Piedra
Nací en el límite. La frontera era Granada. De pequeño me gustaba jugar a caballo sobre los mojones y decir que estaba a la vez en Málaga y Granada.
14 noviembre 2009
13 noviembre 2009
04 noviembre 2009
A cuatro leguas de Pacanda
Braulio se crió a cuatro leguas de Pacanda, en una casa pequeña donde había más flores que espacio para los cuatro hermanos.
Ana, la menor, crecía en silencio, como un susurro; a ella sólo le gustaba oír el canto del jilguero cuando sacaban la jaula al sol de la puerta. Su música le acompañaba en los juegos de niña solitaria. La recuerda muy bien, como si fuese ayer, con las dos trenzas rubias y esos ojos azules con un fondo de tristeza, quizás, por tener que jugar sola con aquel gato tan arisco que no quería moverse del rincón al sol, en el alféizar de la ventana.
Los dos hermanos mayores eran varones y con tanta diferencia de edad que coincidían en poco, no se veían ni a la hora de cenar. El trabajo con el ganado era tan duro, que cuando acababan de ordeñar a mano las vacas, Ana y Braulio ya estaban en la cama.
Braulio, en medio como el jueves, no tenía edad para acompañar a su hermana en los juegos, ni años para trabajar con los mayores.
En aquellos veranos tan largos, salía por la mañana al río, donde dejaba correr su fantasía mirando cómo lo hacía el agua. A veces seguía el vuelo de las libélulas y descubría que se posaban unas encima de otras, imaginaba algo parecido a lo que hacía el gallo con las gallinas, pero aún más difícil.
Otras veces cuando soplaba “el gallego”, pasaba las horas muertas en el campo del bramadorio, donde la rebeldía de la mar hacía bramar los bufones levantando nubes de espuma como si una fuerza, cósmica más que telúrica, quisiese unir la tierra con el cielo.
Esos días volvía a casa con ganas de charlar con su hermana y le contaba lo duro que tenía que ser para la mar querer acercarse al cielo atravesando la tierra.
Texto y fotos de Piedra
02 noviembre 2009
Luz de Pacanda
Esta luz de Pacanda
con el cielo entreverado
de pequeñas nubes.
Este sol de noviembre
que acaricia suave
el regalo de mis días.
¡Qué dicha
el otoño de la vida!
tan alejado del tiempo
en que curas sin alma
amenazaban
con el “fuego eterno”
a inocentes criaturas.
Hoy vi la mar,
estaba en calma.
Texto y foto de Piedra
29 octubre 2009
27 octubre 2009
25 octubre 2009
Pacanda

Resulta que Pacanda además de ser un pueblo de Asturias al que puse nombre durante un sueño de una noche ganada, también existe en la realidad del estado de Michoacán de Ocampo en México, donde así es llamada una isla del lago Pátzcuaro.

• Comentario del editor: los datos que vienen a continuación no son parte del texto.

lemma four_le_card_k_matching_cover:
  assumes "k_matching_cover E (n - 1) S" "card E = 3 * n" "1 \<le> n"
  shows "4 \<le> card S"
proof (rule ccontr)
  assume "\<not> 4 \<le> card S"
  then have "card S * (n - 1) \<le> 3 * (n - 1)" by simp
  then show False using card_le_card_k_matching_cover[OF assms(1)] assms(2,3) by linarith
qed

lemma k_matching_cover_of_four:
  assumes "k_matching E k A1" "k_matching E k A2" "k_matching E k A3" "k_matching E k A4"
    and "A1 \<union> A2 \<union> A3 \<union> A4 = E"
  shows "\<exists>S. k_matching_cover E k S \<and> card S \<le> 4"
proof (intro exI conjI)
  show "k_matching_cover E k {A1, A2, A3, A4}"
    using assms unfolding k_matching_cover_def by auto
  show "card {A1, A2, A3, A4} \<le> 4"
    using card_length[of "[A1, A2, A3, A4]"] by simp
qed

section \<open>Cubic graphs\<close>

lemma connected_graph_closed_subset:
  assumes "connected_graph V E" "x \<in> V" "x \<in> K" and closed: "\<And>a b. {a, b} \<in> E \<Longrightarrow> a \<in> K \<Longrightarrow> b \<in> K"
  shows "V \<subseteq> K"
proof
  fix v assume "v \<in> V"
  then have "(adjacent E)\<^sup>*\<^sup>* x v" using assms(1,2) unfolding connected_graph_def by blast
  then show "v \<in> K"
    by (induction rule: rtranclp_induct) (use assms(3) closed in \<open>auto simp: adjacent_def\<close>)
qed

locale cubic_graph =
  fixes V :: "'a set" and E :: "'a set set"
  assumes simple: "simple_graph V E" and cubic: "cubic V E"
begin

lemma finite_vertices: "finite V"
  using simple by (simp add: simple_graph_def)

lemma edgeE:
  assumes "e \<in> E"
  obtains x y where "x \<noteq> y" "x \<in> V" "y \<in> V" "e = {x, y}"
  using assms simple unfolding simple_graph_def by blast

lemma edge_subset: "e \<in> E \<Longrightarrow> e \<subseteq> V"
  by (elim edgeE) auto

lemma finite_edges: "finite E"
  using finite_vertices edge_subset by (blast intro: finite_subset[of E "Pow V"])

lemma card_edge: "e \<in> E \<Longrightarrow> card e = 2"
  by (elim edgeE) auto

lemma edge_neq: "{x, y} \<in> E \<Longrightarrow> x \<noteq> y"
  using card_edge[of "{x, y}"] by (cases "x = y") auto

lemma edge_at:
  assumes "e \<in> E" "v \<in> e"
  obtains t where "e = {v, t}"
  using assms by (elim edgeE) blast

lemma degree_vertex: "v \<in> V \<Longrightarrow> degree E v = 3"
  using cubic by (simp add: cubic_def)

lemma degree_outside: "F \<subseteq> E \<Longrightarrow> v \<notin> V \<Longrightarrow> degree F v = 0"
  using edge_subset unfolding degree_def by (auto simp: card_eq_0_iff)

lemma sum_degree:
  assumes "F \<subseteq> E"
  shows "(\<Sum>v\<in>V. degree F v) = 2 * card F"
proof -
  have finF: "finite F" using assms finite_edges finite_subset by blast
  have "(\<Sum>v\<in>V. degree F v) = (\<Sum>v\<in>V. \<Sum>e\<in>F. if v \<in> e then 1 else 0)"
    using finF by (simp add: degree_def sum.If_cases Int_def)
  also have "\<dots> = (\<Sum>e\<in>F. \<Sum>v\<in>V. if v \<in> e then 1 else 0)"
    by (rule sum.swap)
  also have "\<dots> = (\<Sum>e\<in>F. card e)"
  proof (rule sum.cong[OF refl])
    fix e assume "e \<in> F"
    then have "e \<subseteq> V" using assms edge_subset by blast
    then show "(\<Sum>v\<in>V. if v \<in> e then 1 else 0) = card e"
      using finite_vertices by (simp add: sum.If_cases Int_absorb1 Int_commute)
  qed
  also have "\<dots> = 2 * card F"
    using assms card_edge by (simp add: subset_iff)
  finally show ?thesis .
qed

lemma card_edges: "2 * card E = 3 * card V"
  using sum_degree[of E] degree_vertex by simp

lemma card_Union_matching:
  assumes "matching E M"
  shows "card (\<Union>M) = 2 * card M"
proof -
  have edges: "M \<subseteq> E" using assms unfolding matching_def by simp
  have "card (\<Union>M) = sum card M"
  proof (rule card_Union_disjoint)
    show "pairwise disjnt M"
      using assms unfolding matching_def pairwise_def disjnt_def by simp
    show "finite A" if "A \<in> M" for A
      using that edges card_edge card.infinite by fastforce
  qed
  then show ?thesis using edges card_edge by (simp add: subset_iff)
qed

lemma card_perfect_matching: "perfect_matching V E M \<Longrightarrow> card V = 2 * card M"
  using card_Union_matching unfolding perfect_matching_def by auto

lemma partner_edge:
  assumes M: "matching E M" and "v \<in> \<Union>M"
  shows "{v, partner M v} \<in> M"
proof -
  obtain e where e: "e \<in> M" "v \<in> e" using assms(2) by blast
  then have "e \<in> E" using M unfolding matching_def by blast
  then obtain t where "e = {v, t}" using e(2) by (rule edge_at)
  then show ?thesis using e(1) partner_eq[OF M] by simp
qed

lemma perfect_partner_edge:
  assumes "perfect_matching V E M" "v \<in> V"
  shows "{v, partner M v} \<in> M"
  using assms partner_edge[of M v] unfolding perfect_matching_def by simp

lemma perfect_partner_partner:
  assumes "perfect_matching V E M" "v \<in> V"
  shows "partner M (partner M v) = v"
proof -
  have "matching E M" using assms unfolding perfect_matching_def by simp
  moreover have "{v, partner M v} \<in> M" by (rule perfect_partner_edge[OF assms])
  ultimately show ?thesis by (rule partner_partner)
qed

lemma inj_on_partner:
  assumes "perfect_matching V E M"
  shows "inj_on (partner M) V"
  using perfect_partner_partner[OF assms] by (rule inj_on_inverseI)

lemma degree_complement_perfect_matching:
  assumes "perfect_matching V E M" "v \<in> V"
  shows "degree (E - M) v = 2"
proof -
  have "M \<subseteq> E" "matching E M" "v \<in> \<Union>M"
    using assms unfolding perfect_matching_def matching_def by auto
  then have "degree M v = 1" using degree_matching[of E M v] by simp
  then show ?thesis
    using degree_Diff[OF finite_edges \<open>M \<subseteq> E\<close>, of v] degree_vertex[OF assms(2)] by simp
qed

lemma degree_two_neighbours:
  assumes "F \<subseteq> E" "degree F v = 2"
  obtains x y where "x \<noteq> y" "\<And>t. {v, t} \<in> F \<longleftrightarrow> t = x \<or> t = y"
proof -
  obtain e1 e2 where e: "{e \<in> F. v \<in> e} = {e1, e2}" "e1 \<noteq> e2"
    using assms(2) unfolding degree_def card_2_iff by blast
  have "e1 \<in> {e \<in> F. v \<in> e}" "e2 \<in> {e \<in> F. v \<in> e}" unfolding e(1) by simp_all
  then have e1: "e1 \<in> E" "v \<in> e1" and e2: "e2 \<in> E" "v \<in> e2" using assms(1) by auto
  obtain x where x: "e1 = {v, x}" using e1 by (rule edge_at)
  obtain y where y: "e2 = {v, y}" using e2 by (rule edge_at)
  have "{v, t} \<in> F \<longleftrightarrow> {v, t} \<in> {e1, e2}" for t
    unfolding e(1)[symmetric] by simp
  also have "\<dots> t \<longleftrightarrow> t = x \<or> t = y" for t
    unfolding x y by (auto simp: doubleton_eq_iff)
  finally have "{v, t} \<in> F \<longleftrightarrow> t = x \<or> t = y" for t .
  moreover have "x \<noteq> y" using e(2) x y by auto
  ultimately show ?thesis using that by blast
qed

lemma matching_edges_meeting_edge:
  assumes M: "perfect_matching V E M" and f: "f \<in> E" "f \<notin> M"
  obtains ex ey where "ex \<in> M" "ey \<in> M" "ex \<inter> ey = {}" "ex \<inter> f \<noteq> {}" "ey \<inter> f \<noteq> {}"
    "\<And>e. e \<in> M \<Longrightarrow> e \<inter> f \<noteq> {} \<Longrightarrow> e = ex \<or> e = ey"
proof -
  have matching: "matching E M" using M unfolding perfect_matching_def by simp
  obtain x y where xy: "x \<noteq> y" "x \<in> V" "y \<in> V" "f = {x, y}" using f(1) by (rule edgeE)
  define ex ey where "ex = {x, partner M x}" and "ey = {y, partner M y}"
  have ex: "ex \<in> M" "x \<in> ex" and ey: "ey \<in> M" "y \<in> ey"
    using perfect_partner_edge[OF M] xy unfolding ex_def ey_def by auto
  have meets: "e = ex \<or> e = ey" if "e \<in> M" "e \<inter> f \<noteq> {}" for e
  proof -
    have "x \<in> e \<or> y \<in> e" using that(2) xy(4) by auto
    then show ?thesis using matching_edges_eq[OF matching that(1)] ex ey by blast
  qed
  have "ex \<noteq> ey"
  proof
    assume "ex = ey"
    then have "ex = f" using ey(2) xy unfolding ex_def by auto
    then show False using ex f(2) by simp
  qed
  then have "ex \<inter> ey = {}" using matching_disjoint[OF matching ex(1) ey(1)] by simp
  moreover have "ex \<inter> f \<noteq> {}" "ey \<inter> f \<noteq> {}" using ex ey xy(4) by auto
  ultimately show ?thesis using that[OF ex(1) ey(1)] meets by blast
qed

El nombre proviene del purépecha y significa " empujar algo al agua".
Quién iba a decirme que soñaba en purépecha.
23 octubre 2009
Regalo
Bebió el agua que tanto tiempo hacía que no cataba y consiguió encontrarle sabor, el sabor de su juventud, cuando tuvo que abandonar su querida Tereñes para ir a una Venezuela inhóspita, a la que no sabía si llegaría a querer tan solo un poco de lo que amaba a su querida Asturias. Había perdido su acento, logrado con la facilidad que da escuchar a los tuyos, de tanto oír hablar el castellano de ultramar. No tuvo la suerte de ser emigrante en un país donde la lengua fuera tan extraña, que le hubiese mantenido los dejes de su casa intactos.
Realmente, su vida en Venezuela fué un paréntesis. No tenía historias que contar, pues el tiempo transcurrido no llegó a transformarse en eso, en historias que contar. Ni tan siquiera contó el país con un presidente que diera que hablar, hasta muchos años después de su regreso. Fué la vida de otro, la vida sin vivir.
Buscó sus huellas por el entorno, pero no hubo suerte. Cómo era posible que los dinosaurios lo hubiesen logrado y él, que se había mantenido fiel a su tierra desde tan lejos, no encontrase el menor vestigio de sus madreñas. Dónde estaba el premio a la fidelidad, a esos años no vividos aguardando el regreso a la verdadera patria querida de la canción, que hubo veces que bebió hasta que los perros le lamieron el hocico, para entonarla, o desentonarla en su caso, como Dios manda.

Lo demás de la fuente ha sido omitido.